### What the task requires:
For the entries below, count the lines that contain the word "fastforce" and reply with that number only.

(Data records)

lemma left_ideal_plus:
  assumes X: "left_ideal X" and Y: "left_ideal Y"
  shows "left_ideal (X + Y)"
proof (rule left_idealI)
  show "0 \<in> X + Y"
    using set_plus_intro[OF left_ideal_zero[OF X] left_ideal_zero[OF Y]] by simp
  show "p + q \<in> X + Y" if p: "p \<in> X + Y" and q: "q \<in> X + Y" for p q
  proof -
    obtain a b where "p = a + b" "a \<in> X" "b \<in> Y"
      using p by (rule set_plus_elim)
    moreover obtain c d where "q = c + d" "c \<in> X" "d \<in> Y"
      using q by (rule set_plus_elim)
    ultimately have "(a + c) + (b + d) \<in> X + Y"
      using X Y by (blast intro: set_plus_intro left_ideal_add)
    moreover have "p + q = (a + c) + (b + d)"
      using \<open>p = a + b\<close> \<open>q = c + d\<close> by (simp add: algebra_simps)
    ultimately show ?thesis
      by simp
  qed
  show "- p \<in> X + Y" if p: "p \<in> X + Y" for p
  proof -
    obtain a b where "p = a + b" "a \<in> X" "b \<in> Y"
      using p by (rule set_plus_elim)
    then have "- a + - b \<in> X + Y"
      using X Y by (blast intro: set_plus_intro left_ideal_minus)
    moreover have "- p = - a + - b"
      using \<open>p = a + b\<close> by (simp add: algebra_simps)
    ultimately show ?thesis
      by simp
  qed
  show "r * p \<in> X + Y" if p: "p \<in> X + Y" for r p
  proof -
    obtain a b where "p = a + b" "a \<in> X" "b \<in> Y"
      using p by (rule set_plus_elim)
    then show ?thesis
      using X Y by (simp add: distrib_left left_ideal_mult set_plus_intro)
  qed
qed

lemma right_ideal_plus:
  assumes X: "right_ideal X" and Y: "right_ideal Y"
  shows "right_ideal (X + Y)"
proof (rule right_idealI)
  show "0 \<in> X + Y"
    using set_plus_intro[OF right_ideal_zero[OF X] right_ideal_zero[OF Y]] by simp
  show "p + q \<in> X + Y" if p: "p \<in> X + Y" and q: "q \<in> X + Y" for p q
  proof -
    obtain a b where "p = a + b" "a \<in> X" "b \<in> Y"
      using p by (rule set_plus_elim)
    moreover obtain c d where "q = c + d" "c \<in> X" "d \<in> Y"
      using q by (rule set_plus_elim)
    ultimately have "(a + c) + (b + d) \<in> X + Y"
      using X Y by (blast intro: set_plus_intro right_ideal_add)
    moreover have "p + q = (a + c) + (b + d)"
      using \<open>p = a + b\<close> \<open>q = c + d\<close> by (simp add: algebra_simps)
    ultimately show ?thesis
      by simp
  qed
  show "- p \<in> X + Y" if p: "p \<in> X + Y" for p
  proof -
    obtain a b where "p = a + b" "a \<in> X" "b \<in> Y"
      using p by (rule set_plus_elim)
    then have "- a + - b \<in> X + Y"
      using X Y by (blast intro: set_plus_intro right_ideal_minus)
    moreover have "- p = - a + - b"
      using \<open>p = a + b\<close> by (simp add: algebra_simps)
    ultimately show ?thesis
      by simp
  qed
  show "p * r \<in> X + Y" if p: "p \<in> X + Y" for r p
  proof -
    obtain a b where "p = a + b" "a \<in> X" "b \<in> Y"
      using p by (rule set_plus_elim)
    then show ?thesis
      using X Y by (simp add: distrib_right right_ideal_mult set_plus_intro)
  qed
qed
definition balln :: "nat \<Rightarrow> (nat \<Rightarrow> real) \<Rightarrow> real \<Rightarrow> (nat \<Rightarrow> real) set" where
  "balln n y r = {x \<in> PiE {..<n} (\<lambda>_. UNIV). sqrt (\<Sum>i<n. (x i - y i)^2) < r}"

definition cuben :: "nat \<Rightarrow> real \<Rightarrow> (nat \<Rightarrow> int) \<Rightarrow> (nat \<Rightarrow> real) set" where
  "cuben n r k = {x \<in> PiE {..<n} (\<lambda>_. UNIV). \<forall>i<n. r * of_int (k i) \<le> x i \<and> x i < r * (of_int (k i) + 1)}"

definition L1_loc :: "nat \<Rightarrow> ((nat \<Rightarrow> real) \<Rightarrow> real) \<Rightarrow> bool" where
  "L1_loc n f \<longleftrightarrow> f \<in> borel_measurable (lebn n) \<and>
     (\<forall>y\<in>PiE {..<n} (\<lambda>_. UNIV). \<forall>r>0. set_integrable (lebn n) (balln n y r) f)"

definition amalgamLL :: "nat \<Rightarrow> (nat \<Rightarrow> ennreal) \<Rightarrow> (nat \<Rightarrow> ennreal) \<Rightarrow> ((nat \<Rightarrow> real) \<Rightarrow> real) set" where
  "amalgamLL n p s = {f. L1_loc n f \<and>
     mixL n s (\<lambda>y. normL n p (\<lambda>x. f x * indicator (balln n y 1) x)) < top}"

definition amalgamLL_alpha :: "nat \<Rightarrow> (nat \<Rightarrow> ennreal) \<Rightarrow> (nat \<Rightarrow> ennreal) \<Rightarrow> ennreal \<Rightarrow> ((nat \<Rightarrow> real) \<Rightarrow> real) set" where
  "amalgamLL_alpha n p s \<alpha> = {f. L1_loc n f \<and>
     (SUP r\<in>{0<..}. mixL n s (\<lambda>y.
        ennreal (measure (lebn n) (balln n y r) powr
                   (einv \<alpha> - (\<Sum>i<n. einv (p i)) / n - (\<Sum>i<n. einv (s i)) / n))
        * normL n p (\<lambda>x. f x * indicator (balln n y r) x))) < top}"

definition rnorm :: "nat \<Rightarrow> (nat \<Rightarrow> ennreal) \<Rightarrow> (nat \<Rightarrow> ennreal) \<Rightarrow> real \<Rightarrow> ((nat \<Rightarrow> real) \<Rightarrow> real) \<Rightarrow> ennreal" where
  "rnorm n p s r f = mixl n s (\<lambda>k. normL n p (\<lambda>x. f x * indicator (cuben n r k) x))"

definition amalgamLl :: "nat \<Rightarrow> (nat \<Rightarrow> ennreal) \<Rightarrow> (nat \<Rightarrow> ennreal) \<Rightarrow> ((nat \<Rightarrow> real) \<Rightarrow> real) set" where
  "amalgamLl n p s = {f. L1_loc n f \<and> rnorm n p s 1 f < top}"

definition amalgamLl_alpha :: "nat \<Rightarrow> (nat \<Rightarrow> ennreal) \<Rightarrow> (nat \<Rightarrow> ennreal) \<Rightarrow> ennreal \<Rightarrow> ((nat \<Rightarrow> real) \<Rightarrow> real) set" where
  "amalgamLl_alpha n p s \<alpha> = {f. L1_loc n f \<and>
     (SUP r\<in>{0<..}. ennreal (r powr (real n * einv \<alpha> - (\<Sum>i<n. einv (p i)))) * rnorm n p s r f) < top}"

end

theory Submission
  imports Defs "HOL-Probability.Essential_Supremum"
begin

text \<open>Both amalgam norms measure the local pieces of \<open>f\<close> by a mixed norm, over the balls
  \<open>B(y,r)\<close> in the continuous case and over the cubes \<open>Q(r,k)\<close> in the discrete case, and the
  two are comparable up to constants depending only on \<open>n\<close>. The ball \<open>B(y,r)\<close> is covered by
  the \<open>3\<^sup>n\<close> cubes \<open>Q(r,k)\<close> with \<open>k - \<lfloor>y/r\<rfloor> \<in> {-1,0,1}\<^sup>n\<close>; the cube \<open>Q(r,k)\<close> is covered by
  the \<open>n\<^sup>n\<close> cubes \<open>Q(r/n, nk+m)\<close> with \<open>m \<in> {0..n-1}\<^sup>n\<close>; and the cube of side \<open>r/n\<close>
  containing \<open>y\<close> lies in \<open>B(y,r)\<close>. The continuous mixed norm in \<open>y\<close> of a function of
  \<open>\<lfloor>y/r\<rfloor>\<close> is \<open>r\<^bsup>\<Sigma> 1/s\<^sub>i\<^esup>\<close> times its discrete mixed norm, and discrete mixed norms do
  not increase under injective changes of the indices such as shifts and dilations.
  Finally \<open>|B(y,r)|\<close> is comparable to \<open>r\<^sup>n\<close>, so the weights of the \<open>\<alpha>\<close>-spaces are
  comparable to powers of \<open>r\<close>.\<close>

section \<open>Powers, essential suprema and \<open>L\<^sup>q\<close> norms on \<open>[0,\<infinity>]\<close>\<close>

lemma epow_top [simp]: "epow top q = top"
  by (simp add: epow_def)

lemma epow_zero [simp]: "q > 0 \<Longrightarrow> epow 0 q = 0"
  by (simp add: epow_def)

lemma epow_one [simp]: "epow a 1 = a"
  by (cases a) (auto simp: epow_def)

lemma epow_ennreal: "x \<ge> 0 \<Longrightarrow> epow (ennreal x) q = ennreal (x powr q)"
  by (simp add: epow_def)

lemma epow_measurable [measurable]:
  assumes [measurable]: "f \<in> borel_measurable M"
  shows "(\<lambda>x. epow (f x) q) \<in> borel_measurable M"
  unfolding epow_def by measurable

lemma epow_mono:
  assumes "a \<le> b" "q > 0"
  shows "epow a q \<le> epow b q"
proof (cases "b = top")
  case False
  then have "a \<noteq> top"
    using assms top_unique by auto
  with False assms show ?thesis
    by (cases a; cases b) (auto simp: epow_def intro!: ennreal_leI powr_mono2)
qed simp
definition Lstar_w :: "'a measure \<Rightarrow> ('a \<Rightarrow> real) \<Rightarrow> (nat \<Rightarrow> 'a \<Rightarrow> real) \<Rightarrow> nat \<Rightarrow> (nat \<Rightarrow> real) \<Rightarrow> nat \<Rightarrow> real" where
  "Lstar_w \<mu> \<phi> p M w n = (INF \<delta>\<in>tests \<mu> M n. \<Sum>i\<in>{1..M}. w i * Lerr \<mu> \<phi> p i n \<delta>)"

definition Lstar :: "'a measure \<Rightarrow> ('a \<Rightarrow> real) \<Rightarrow> (nat \<Rightarrow> 'a \<Rightarrow> real) \<Rightarrow> nat \<Rightarrow> nat \<Rightarrow> real" where
  "Lstar \<mu> \<phi> p M n = (INF \<delta>\<in>tests \<mu> M n. \<Sum>i\<in>{1..M}. Lerr \<mu> \<phi> p i n \<delta>)"

end

theory Submission
  imports Defs "HOL-Real_Asymp.Real_Asymp"
begin

(* For two densities let rho(alpha) = integral of phi * pa^alpha * pb^(1 - alpha), so that
   exp (- D_C) = min rho, and consider the error of the likelihood-ratio test,
   integral of phi^n * min (pa^n, pb^n).  Since min (u, v) <= u^alpha v^(1 - alpha), this error is at
   most rho(alpha)^n = exp (- n D_C).  Conversely, splitting the integrand of rho(alpha)^n according
   to the size of the log-likelihood ratio bounds rho(alpha)^n by exp (n eta) times that error plus
   the tilted terms exp (- n t eta / alpha) rho(alpha + t)^n and exp (- n t eta / (1 - alpha)) rho(alpha - t)^n.
   As rho is smooth, alpha and t can be chosen to make both negligible, so the error is at least
   exp (- n (D_C + eta)) / 2 for large n.

   For M hypotheses, L_a + L_b dominates the pairwise error for every test, which gives the lower
   bound through the pair attaining C_M.  The maximum-likelihood test errs under P_i only where some
   other likelihood is at least as large, so its total risk is at most
   M * #pairs * exp (- n C_M).  Positive weights change the risk by the factors w_min and w_max only. *)

lemma cosh_mult_le:
  fixes c u :: real
  assumes "0 \<le> c" "c \<le> 1"
  shows "cosh (c * u) \<le> c\<^sup>2 * cosh u + (1 - c\<^sup>2)"
proof -
  let ?a = "\<lambda>n. if even n then (c * u) ^ n /\<^sub>R fact n else 0"
  let ?b = "\<lambda>n. c\<^sup>2 * (if even n then u ^ n /\<^sub>R fact n else 0) + (if n = 0 then 1 - c\<^sup>2 else 0)"
  have "?b sums (c\<^sup>2 * cosh u + (1 - c\<^sup>2))"
    by (intro sums_add sums_mult cosh_converges sums_single[of 0 "\<lambda>_. 1 - c\<^sup>2", simplified])
  moreover have "?a n \<le> ?b n" for n
  proof (cases "even n \<and> n \<noteq> 0")
    case True
    then have "2 \<le> n" by presburger
    then have "c ^ n * u ^ n \<le> c\<^sup>2 * u ^ n"
      using True assms by (intro mult_right_mono power_decreasing) (auto simp: zero_le_even_power)
    then show ?thesis using True by (simp add: power_mult_distrib divide_right_mono)
  qed auto
  ultimately show ?thesis by (intro sums_le[OF _ cosh_converges]) auto
qed
text \<open>Connected components (columns) of the graph (V, E).\<close>
definition components :: "'v set \<Rightarrow> ('v \<Rightarrow> 'v \<Rightarrow> bool) \<Rightarrow> 'v set set" where
  "components V E =
     (\<lambda>u. {v \<in> V. (\<lambda>x y. E x y \<and> x \<in> V \<and> y \<in> V)\<^sup>*\<^sup>* u v}) ` V"

text \<open>Alignment (Y, A, prec) of the family of strict posets (Y a, lt a), a \<in> I.
  The disjoint union of the Y a is Sigma I Y, elements written (a, i).\<close>
definition alignment ::
  "'i set \<Rightarrow> ('i \<Rightarrow> 'x set) \<Rightarrow> ('i \<Rightarrow> 'x \<Rightarrow> 'x \<Rightarrow> bool)
   \<Rightarrow> (('i \<times> 'x) \<Rightarrow> ('i \<times> 'x) \<Rightarrow> bool)
   \<Rightarrow> (('i \<times> 'x) set \<Rightarrow> ('i \<times> 'x) set \<Rightarrow> bool) \<Rightarrow> bool" where
  "alignment I Y lt E prec \<longleftrightarrow>
     (let U = Sigma I Y; C = components U E in
      simple_graph U E \<and>
      strict_po_on C prec \<and>
      \<comment> \<open>(P1)\<close>
      (\<forall>Q\<in>C. \<forall>u\<in>Q. \<forall>v\<in>Q. u \<noteq> v \<longrightarrow> E u v) \<and>
      \<comment> \<open>(P2)\<close>
      (\<forall>Q\<in>C. \<forall>a i j. (a, i) \<in> Q \<longrightarrow> (a, j) \<in> Q \<longrightarrow> i = j) \<and>
      \<comment> \<open>(P3)\<close>
      (\<forall>P\<in>C. \<forall>Q\<in>C. \<forall>a i j. (a, i) \<in> P \<longrightarrow> (a, j) \<in> Q \<longrightarrow> lt a i j \<longrightarrow> prec P Q) \<and>
      \<comment> \<open>(P4)\<close>
      (\<forall>P\<in>C. \<forall>Q\<in>C. \<forall>a i j. prec P Q \<longrightarrow> (a, i) \<in> P \<longrightarrow> (a, j) \<in> Q \<longrightarrow>
          lt a i j \<or> (\<not> lt a i j \<and> \<not> lt a j i)))"

end

theory Submission
  imports Defs
begin

text \<open>A maximal column \<open>\<Xi>\<close> has no column above it, so by (P3) no entry \<open>(a, p)\<close> of \<open>\<Xi>\<close> has a
  successor in its row \<open>P a\<close>: every entry is a maximal element of its row, and deleting it keeps
  the row a bottom set. Since \<open>\<Xi>\<close> is a connected component of the graph, deleting it leaves the
  other components untouched, and the axioms (P1)--(P4), which only speak about single columns
  and pairs of columns, survive the restriction.\<close>

lemma components_simple_graph:
  assumes "simple_graph V E"
  shows "components V E = (\<lambda>u. {v \<in> V. E\<^sup>*\<^sup>* u v}) ` V"
proof -
  have "(\<lambda>x y. E x y \<and> x \<in> V \<and> y \<in> V) = E"
    using assms by (auto simp: simple_graph_def fun_eq_iff)
  then show ?thesis unfolding components_def by simp
qed

lemma simple_graph_rtranclp_sym:
  assumes "simple_graph V E" "E\<^sup>*\<^sup>* u v"
  shows "E\<^sup>*\<^sup>* v u"
  using assms(2)
proof (induction rule: rtranclp_induct)
  case (step y z)
  then have "E z y" using assms(1) by (auto simp: simple_graph_def)
  then show ?case using step.IH by (rule converse_rtranclp_into_rtranclp)
qed simp

lemma reachable_in_components:
  assumes "simple_graph V E" "u \<in> V"
  shows "{v \<in> V. E\<^sup>*\<^sup>* u v} \<in> components V E"
  using assms components_simple_graph by fastforce

lemma component_eq_reachable:
  assumes "simple_graph V E" "Q \<in> components V E" "u \<in> Q"
  shows "Q = {v \<in> V. E\<^sup>*\<^sup>* u v}"
proof -
  obtain w where w: "Q = {v \<in> V. E\<^sup>*\<^sup>* w v}"
    using assms(2) unfolding components_simple_graph[OF assms(1)] by (rule imageE)
  then have "E\<^sup>*\<^sup>* w u" using assms(3) by simp
  then have "E\<^sup>*\<^sup>* u w" by (rule simple_graph_rtranclp_sym[OF assms(1)])
  then show ?thesis using w assms(3) by (auto intro: rtranclp_trans)
qed

lemma components_subset: "simple_graph V E \<Longrightarrow> Q \<in> components V E \<Longrightarrow> Q \<subseteq> V"
  using components_simple_graph by fastforce

lemma components_nonempty: "simple_graph V E \<Longrightarrow> Q \<in> components V E \<Longrightarrow> Q \<noteq> {}"
  using components_simple_graph by fastforce

lemma components_disjoint:
  assumes "simple_graph V E" "Q \<in> components V E" "Q' \<in> components V E" "Q \<noteq> Q'"
  shows "Q \<inter> Q' = {}"
proof -
  have "Q = Q'" if "u \<in> Q" "u \<in> Q'" for u
    using component_eq_reachable[OF assms(1,2) that(1)] component_eq_reachable[OF assms(1,3) that(2)]
    by simp
  then show ?thesis using assms(4) by blast
qed

lemma components_remove_component:
  assumes sg: "simple_graph V E" and \<Xi>: "\<Xi> \<in> components V E"
  defines "E' \<equiv> \<lambda>u v. E u v \<and> u \<notin> \<Xi> \<and> v \<notin> \<Xi>"
  shows "simple_graph (V - \<Xi>) E'" and "components (V - \<Xi>) E' = components V E - {\<Xi>}"
proof -
  show sg': "simple_graph (V - \<Xi>) E'"
    using sg unfolding simple_graph_def E'_def by blast
  let ?reach = "\<lambda>u. {v \<in> V. E\<^sup>*\<^sup>* u v}"
  have \<Xi>_reach: "\<Xi> = ?reach u" if "u \<in> \<Xi>" for u
    using component_eq_reachable[OF sg \<Xi> that] .
  have outside: "v \<notin> \<Xi>" if "u \<in> V - \<Xi>" "E\<^sup>*\<^sup>* u v" for u v
  proof
    assume "v \<in> \<Xi>"
    moreover have "E\<^sup>*\<^sup>* v u" using that(2) by (rule simple_graph_rtranclp_sym[OF sg])
    ultimately show False using \<Xi>_reach that(1) by blast
  qed
  have reach: "E'\<^sup>*\<^sup>* u v \<longleftrightarrow> E\<^sup>*\<^sup>* u v" if u: "u \<in> V - \<Xi>" for u v
  proof
    show "E'\<^sup>*\<^sup>* u v \<Longrightarrow> E\<^sup>*\<^sup>* u v"
      by (erule rtranclp_mono[THEN predicate2D, rotated]) (auto simp: E'_def)
  next
    assume "E\<^sup>*\<^sup>* u v"
    then show "E'\<^sup>*\<^sup>* u v"
    proof (induction rule: rtranclp_induct)
      case (step y z)
      have "y \<notin> \<Xi>" "z \<notin> \<Xi>"
        using outside[OF u step(1)] outside[OF u rtranclp.rtrancl_into_rtrancl[OF step(1,2)]] .
      then have "E' y z" using step(2) by (simp add: E'_def)
      with step.IH show ?case by (rule rtranclp.rtrancl_into_rtrancl)
    qed simp
  qed
  have "components (V - \<Xi>) E' = ?reach ` (V - \<Xi>)"
    unfolding components_simple_graph[OF sg'] using reach outside by (intro image_cong) auto
  also have "\<dots> = components V E - {\<Xi>}"
  proof
    show "?reach ` (V - \<Xi>) \<subseteq> components V E - {\<Xi>}"
      using reachable_in_components[OF sg] \<Xi>_reach by fastforce
    show "components V E - {\<Xi>} \<subseteq> ?reach ` (V - \<Xi>)"
    proof
      fix Q assume Q: "Q \<in> components V E - {\<Xi>}"
      then obtain w where w: "w \<in> V" "Q = ?reach w"
        unfolding components_simple_graph[OF sg] by blast
      then have "w \<notin> \<Xi>" using Q \<Xi>_reach by blast
      with w show "Q \<in> ?reach ` (V - \<Xi>)" by blast
    qed
  qed
  finally show "components (V - \<Xi>) E' = components V E - {\<Xi>}" .
qed

lemma Sigma_diff_subset:
  "\<Xi> \<subseteq> Sigma I P \<Longrightarrow> Sigma I P - \<Xi> = Sigma I (\<lambda>a. P a - {x. (a, x) \<in> \<Xi>})"
  by auto

lemma strict_po_on_finite_has_maximal:
  assumes "finite C" "C \<noteq> {}" "strict_po_on C r"
  shows "\<exists>x\<in>C. \<not> (\<exists>y\<in>C. r x y)"
proof -
  define R where "R = {(y, x). x \<in> C \<and> y \<in> C \<and> r x y}"
  have "finite R"
    unfolding R_def by (rule finite_subset[of _ "C \<times> C"]) (auto simp: assms(1))
  moreover have "acyclic R"
  proof -
    have "trans R" using assms(3) unfolding R_def strict_po_on_def trans_def by blast
    then have "R\<^sup>+ = R" by (rule trancl_id)
    then show ?thesis unfolding acyclic_def using assms(3) by (simp add: R_def strict_po_on_def)
  qed
  ultimately have "wf R" by (rule finite_acyclic_wf)
  moreover obtain c where "c \<in> C" using assms(2) by blast
  ultimately obtain z where "z \<in> C" "\<And>y. (y, z) \<in> R \<Longrightarrow> y \<notin> C" by (rule wfE_min) (rule that)
  then show ?thesis unfolding R_def by blast
qed

lemma alignment_simple_graph: "alignment I P lt E prec \<Longrightarrow> simple_graph (Sigma I P) E"
  by (simp add: alignment_def Let_def)

lemma alignment_column_row_unique:
  assumes "alignment I P lt E prec" "Q \<in> components (Sigma I P) E" "(a, i) \<in> Q" "(a, j) \<in> Q"
  shows "i = j"
proof -
  have "\<forall>Q\<in>components (Sigma I P) E. \<forall>a i j. (a, i) \<in> Q \<longrightarrow> (a, j) \<in> Q \<longrightarrow> i = j"
    using assms(1) by (simp add: alignment_def Let_def)
  then show ?thesis using assms(2-) by blast
qed

lemma alignment_prec_of_lt:
  assumes "alignment I P lt E prec" "Q \<in> components (Sigma I P) E" "Q' \<in> components (Sigma I P) E"
    and "(a, i) \<in> Q" "(a, j) \<in> Q'" "lt a i j"
  shows "prec Q Q'"
proof -
  have "\<forall>Q\<in>components (Sigma I P) E. \<forall>Q'\<in>components (Sigma I P) E. \<forall>a i j.
      (a, i) \<in> Q \<longrightarrow> (a, j) \<in> Q' \<longrightarrow> lt a i j \<longrightarrow> prec Q Q'"
    using assms(1) by (simp add: alignment_def Let_def)
  then show ?thesis using assms(2-) by blast
qed
(* Let $G=\mathrm{SL}(3,\mathbb R)$, $P$ the upper triangular matrices in $G$, $\mathfrak n$ the strictly lower triangular $3\times3$ real matrices, and let $E_{ij}$ be the matrix units. For $X\in\mathfrak n$ consider the distinguished curve $t\mapsto\exp(tX)P$. Then this curve admits a projective reparameterisation for each of $X=E_{21}$, $X=E_{32}$, $X=E_{21}+E_{32}$, $X=E_{21}+E_{31}$, $X=E_{31}+E_{32}$, $X=E_{31}$, whereas for $X=E_{21}+xE_{31}+E_{32}$ with $x\neq0$ it admits only affine reparameterisations (its reparameterisations as a distinguished curve with origin at $eP$ are only $t\mapsto at$, $a\ne0$). In particular $t\mapsto\exp\big(t(E_{21}+E_{31}+E_{32})\big)P$ admits only affine reparameterisations.
   Context: A distinguished curve in $G/P$ is $t\mapsto q\exp(tY)P$ with $q\in P$, $0\ne Y\in\mathfrak n$. The curve $\gamma(t)=p\exp(tX)P$ admits a projective reparameterisation if there exist $q\in P$, $Y\in\mathfrak n$ with $p\exp(tX)P=q\exp(\tfrac{t}{t+1}Y)P$ for all $t$ near $0$; otherwise its only reparameterisations $\varphi$ with $\varphi(0)=0$ preserving distinguishedness are $t\mapsto at$. *)

theory Defs
  imports "HOL-Analysis.Analysis"
begin

text \<open>3x3 real matrices are represented as real^3^3; rows/columns are indexed by the
numeral type 3 with elements 0 < 1 < 2 (paper index k corresponds to k-1).\<close>

type_synonym mat3 = "real^3^3"

definition E :: "nat \<Rightarrow> nat \<Rightarrow> mat3" where
  "E i j = (\<chi> r c. if r = of_nat (i - 1) \<and> c = of_nat (j - 1) then 1 else 0)"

### Answer box:
4